**Exercise:**
Your task is to copy every line below that contains the word "bool".

**Records supplied:**
(* Let $\nabla$ be a Type $\mathcal A$ connection on $\mathbb R^2$ whose Ricci tensor is non-degenerate, and let $U\subset\mathbb R^2$ be a connected open set. Then the affine Killing vector fields of $\nabla$ on $U$ are exactly the vector fields $b^1\partial_{x^1}+b^2\partial_{x^2}$ with $b^1,b^2\in\mathbb R$ constant.
   Context: A torsion-free connection has Christoffel symbols $\nabla_{\partial_{x^i}}\partial_{x^j}=\Gamma_{ij}^k\partial_{x^k}$; curvature $R(X,Y)Z=\nabla_X\nabla_YZ-\nabla_Y\nabla_XZ-\nabla_{[X,Y]}Z$, Ricci tensor $\rho(Y,Z)=\mathrm{Tr}(X\mapsto R(X,Y)Z)$. For real constants, $\Gamma(a,b,c,d,e,f)$ denotes the connection on $\mathbb R^2$ with constant Christoffel symbols $\Gamma_{11}^1=a$, $\Gamma_{11}^2=b$, $\Gamma_{12}^1=\Gamma_{21}^1=c$, $\Gamma_{12}^2=\Gamma_{21}^2=d$, $\Gamma_{22}^1=e$, $\Gamma_{22}^2=f$; these are the Type $\mathcal A$ connections. A vector field $X$ on $U$ is an affine Killing vector field if $\mathcal L_X\nabla=0$, i.e. $[X,\nabla_YZ]-\nabla_Y[X,Z]-\nabla_{[X,Y]}Z=0$ for all vector fields $Y,Z$ on $U$. *)

theory Defs
  imports "HOL-Analysis.Analysis"
begin

text \<open>Points of the plane and tangent vectors are elements of real^2; the coordinates
  x^1, x^2 are the components indexed by 1, 2 :: 2.  A vector field is a function
  real^2 => real^2 (only its values on the relevant open set matter).\<close>

type_synonym vf = "real^2 \<Rightarrow> real^2"

fun Ck_on :: "nat \<Rightarrow> (real^2) set \<Rightarrow> (real^2 \<Rightarrow> 'b::real_normed_vector) \<Rightarrow> bool" where
  "Ck_on 0 U F = continuous_on U F"
| "Ck_on (Suc k) U F =
     (F differentiable_on U \<and> (\<forall>v. Ck_on k U (\<lambda>p. frechet_derivative F (at p) v)))"

definition smooth_on :: "(real^2) set \<Rightarrow> (real^2 \<Rightarrow> 'b::real_normed_vector) \<Rightarrow> bool" where
  "smooth_on U F \<longleftrightarrow> (\<forall>k. Ck_on k U F)"

text \<open>Type A connection Gamma(a,b,c,d,e,f): Christoffel symbols Gam i j k = Gamma_ij^k.\<close>
definition typeA :: "real \<Rightarrow> real \<Rightarrow> real \<Rightarrow> real \<Rightarrow> real \<Rightarrow> real \<Rightarrow> 2 \<Rightarrow> 2 \<Rightarrow> 2 \<Rightarrow> real" where
  "typeA a b c d e f i j k =
     (if i = 1 \<and> j = 1 then (if k = 1 then a else b)
      else if i = 2 \<and> j = 2 then (if k = 1 then e else f)
      else (if k = 1 then c else d))"

definition dirderiv :: "vf \<Rightarrow> vf \<Rightarrow> vf" where
  "dirderiv Y Z = (\<lambda>p. frechet_derivative Z (at p) (Y p))"

definition nabla :: "(2 \<Rightarrow> 2 \<Rightarrow> 2 \<Rightarrow> real) \<Rightarrow> vf \<Rightarrow> vf \<Rightarrow> vf" where
  "nabla Gam Y Z = (\<lambda>p. dirderiv Y Z p +
      (\<chi> k. \<Sum>i\<in>UNIV. \<Sum>j\<in>UNIV. Y p $ i * Z p $ j * Gam i j k))"

definition lie :: "vf \<Rightarrow> vf \<Rightarrow> vf" where
  "lie X Y = (\<lambda>p. dirderiv X Y p - dirderiv Y X p)"

definition coord :: "2 \<Rightarrow> vf" where
  "coord i = (\<lambda>p. axis i 1)"

definition curv :: "(2 \<Rightarrow> 2 \<Rightarrow> 2 \<Rightarrow> real) \<Rightarrow> vf \<Rightarrow> vf \<Rightarrow> vf \<Rightarrow> vf" where
  "curv Gam X Y Z = (\<lambda>p. nabla Gam X (nabla Gam Y Z) p - nabla Gam Y (nabla Gam X Z) p
                          - nabla Gam (lie X Y) Z p)"

definition ricci :: "(2 \<Rightarrow> 2 \<Rightarrow> 2 \<Rightarrow> real) \<Rightarrow> real^2 \<Rightarrow> 2 \<Rightarrow> 2 \<Rightarrow> real" where
  "ricci Gam p j k = (\<Sum>i\<in>UNIV. curv Gam (coord i) (coord j) (coord k) p $ i)"

definition ricci_nondegenerate :: "(2 \<Rightarrow> 2 \<Rightarrow> 2 \<Rightarrow> real) \<Rightarrow> bool" where
  "ricci_nondegenerate Gam \<longleftrightarrow> (\<forall>p. det (\<chi> j k. ricci Gam p j k) \<noteq> 0)"

text \<open>Affine Killing vector field on U: smooth X with L_X nabla = 0, i.e.
  [X, nabla_Y Z] - nabla_Y [X,Z] - nabla_[X,Y] Z = 0 on U for all smooth Y, Z on U.\<close>
definition affine_killing :: "(2 \<Rightarrow> 2 \<Rightarrow> 2 \<Rightarrow> real) \<Rightarrow> (real^2) set \<Rightarrow> vf \<Rightarrow> bool" where
  "affine_killing Gam U X \<longleftrightarrow> smooth_on U X \<and>
     (\<forall>Y Z. smooth_on U Y \<longrightarrow> smooth_on U Z \<longrightarrow>
        (\<forall>p\<in>U. lie X (nabla Gam Y Z) p - nabla Gam Y (lie X Z) p
                 - nabla Gam (lie X Y) Z p = 0))"

end

theory Submission
  imports Defs
begin

text \<open>For a connection with constant Christoffel symbols the equation
  \<open>(L\<^sub>X \<nabla>)(\<partial>\<^sub>i, \<partial>\<^sub>j) = 0\<close> reads
  \<open>\<partial>\<^sub>i \<partial>\<^sub>j X = X\<^sub>*\<Gamma>\<^sub>i\<^sub>j - \<Gamma>(\<partial>\<^sub>i, \<partial>\<^sub>j X) - \<Gamma>(\<partial>\<^sub>i X, \<partial>\<^sub>j)\<close>,
  so the Jacobian \<open>\<mu>\<close> of \<open>X\<close> solves a linear system \<open>\<partial>\<^sub>i \<mu> = N\<^sub>i \<mu>\<close> with constant
  coefficients. Symmetry of second derivatives gives the integrability conditions
  \<open>N\<^sub>i N\<^sub>l \<mu> = N\<^sub>l N\<^sub>i \<mu>\<close>, and differentiating them once more gives the same conditions
  for every \<open>N\<^sub>r \<mu>\<close>. For Type A connections the first set forces \<open>\<rho> \<mu>\<^sup>T\<close> to be
  skew-symmetric, so \<open>\<mu>\<close> is a multiple of a fixed matrix built from the Ricci tensor \<open>\<rho>\<close>;
  the second set then forces \<open>det \<rho> = 0\<close> unless \<open>\<mu> = 0\<close>. Hence a non-degenerate Ricci
  tensor makes \<open>X\<close> locally constant, so constant on the connected set \<open>U\<close>. Conversely, for
  constant \<open>X\<close> the Killing equation reduces to the symmetry of the second derivatives of \<open>Z\<close>.\<close>

section \<open>Calculus\<close>

lemma frechet_derivative_cong_open:
  assumes "open U" "p \<in> U" "\<And>q. q \<in> U \<Longrightarrow> f q = g q"
  shows "frechet_derivative f (at p) = frechet_derivative g (at p)"
proof -
  have "(f has_derivative f') (at p) \<longleftrightarrow> (g has_derivative f') (at p)" for f'
    using has_derivative_transform_within_open[of _ f' p UNIV U] assms by metis
  then show ?thesis unfolding frechet_derivative_def by simp
qed

lemma linear_eq_sum_axis:
  fixes f :: "real^'n \<Rightarrow> 'b::real_vector"
  assumes "linear f"
  shows "f v = (\<Sum>i\<in>UNIV. v$i *\<^sub>R f (axis i 1))"
proof -
  have "f v = f (\<Sum>i\<in>UNIV. v$i *\<^sub>R axis i 1)"
    using basis_expansion[of v] by (simp add: scalar_mult_eq_scaleR)
  then show ?thesis using assms by (simp add: linear_sum linear_scale)
qed

lemma sum_axis_scaleR: "(\<Sum>l\<in>UNIV. axis r 1 $ l *\<^sub>R N l) = (N r :: 'b::real_vector)"
  for r :: "'n::finite"
proof -
  have "axis r 1 $ l *\<^sub>R N l = (if l = r then N l else 0)" for l
    by (simp add: axis_def)
  then show ?thesis by simp
qed

lemma has_derivative_vec_lambda:
  fixes f :: "'a::euclidean_space \<Rightarrow> 'i::finite \<Rightarrow> 'b::real_normed_vector"
  assumes "\<And>i. ((\<lambda>x. f x i) has_derivative f' i) F"
  shows "((\<lambda>x. \<chi> i. f x i) has_derivative (\<lambda>v. \<chi> i. f' i v)) F"
proof -
  have lin: "linear (f' i)" for i
    using assms has_derivative_linear by blast
  have "bounded_linear (\<lambda>v. \<chi> i. f' i v)"
    by (rule linear_conv_bounded_linear[THEN iffD1], rule linearI)
      (simp_all add: vec_eq_iff linear_add[OF lin] linear_scale[OF lin])
  moreover
  let ?x = "Lim F (\<lambda>x. x)"
  have "((\<lambda>y. \<chi> i. (f y i - f ?x i - f' i (y - ?x)) /\<^sub>R norm (y - ?x)) \<longlongrightarrow> (\<chi> i. 0)) F"
    using assms by (intro tendsto_vec_lambda) (simp add: has_derivative_def)
  moreover have "(\<lambda>y. ((\<chi> i. f y i) - (\<chi> i. f ?x i) - (\<chi> i. f' i (y - ?x))) /\<^sub>R norm (y - ?x))
      = (\<lambda>y. \<chi> i. (f y i - f ?x i - f' i (y - ?x)) /\<^sub>R norm (y - ?x))"
    by (simp add: fun_eq_iff vec_eq_iff)
  ultimately show ?thesis unfolding has_derivative_def zero_vec_def by simp
qed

**Reply:**
fun Ck_on :: "nat \<Rightarrow> (real^2) set \<Rightarrow> (real^2 \<Rightarrow> 'b::real_normed_vector) \<Rightarrow> bool" where
definition smooth_on :: "(real^2) set \<Rightarrow> (real^2 \<Rightarrow> 'b::real_normed_vector) \<Rightarrow> bool" where
definition ricci_nondegenerate :: "(2 \<Rightarrow> 2 \<Rightarrow> 2 \<Rightarrow> real) \<Rightarrow> bool" where
definition affine_killing :: "(2 \<Rightarrow> 2 \<Rightarrow> 2 \<Rightarrow> real) \<Rightarrow> (real^2) set \<Rightarrow> vf \<Rightarrow> bool" where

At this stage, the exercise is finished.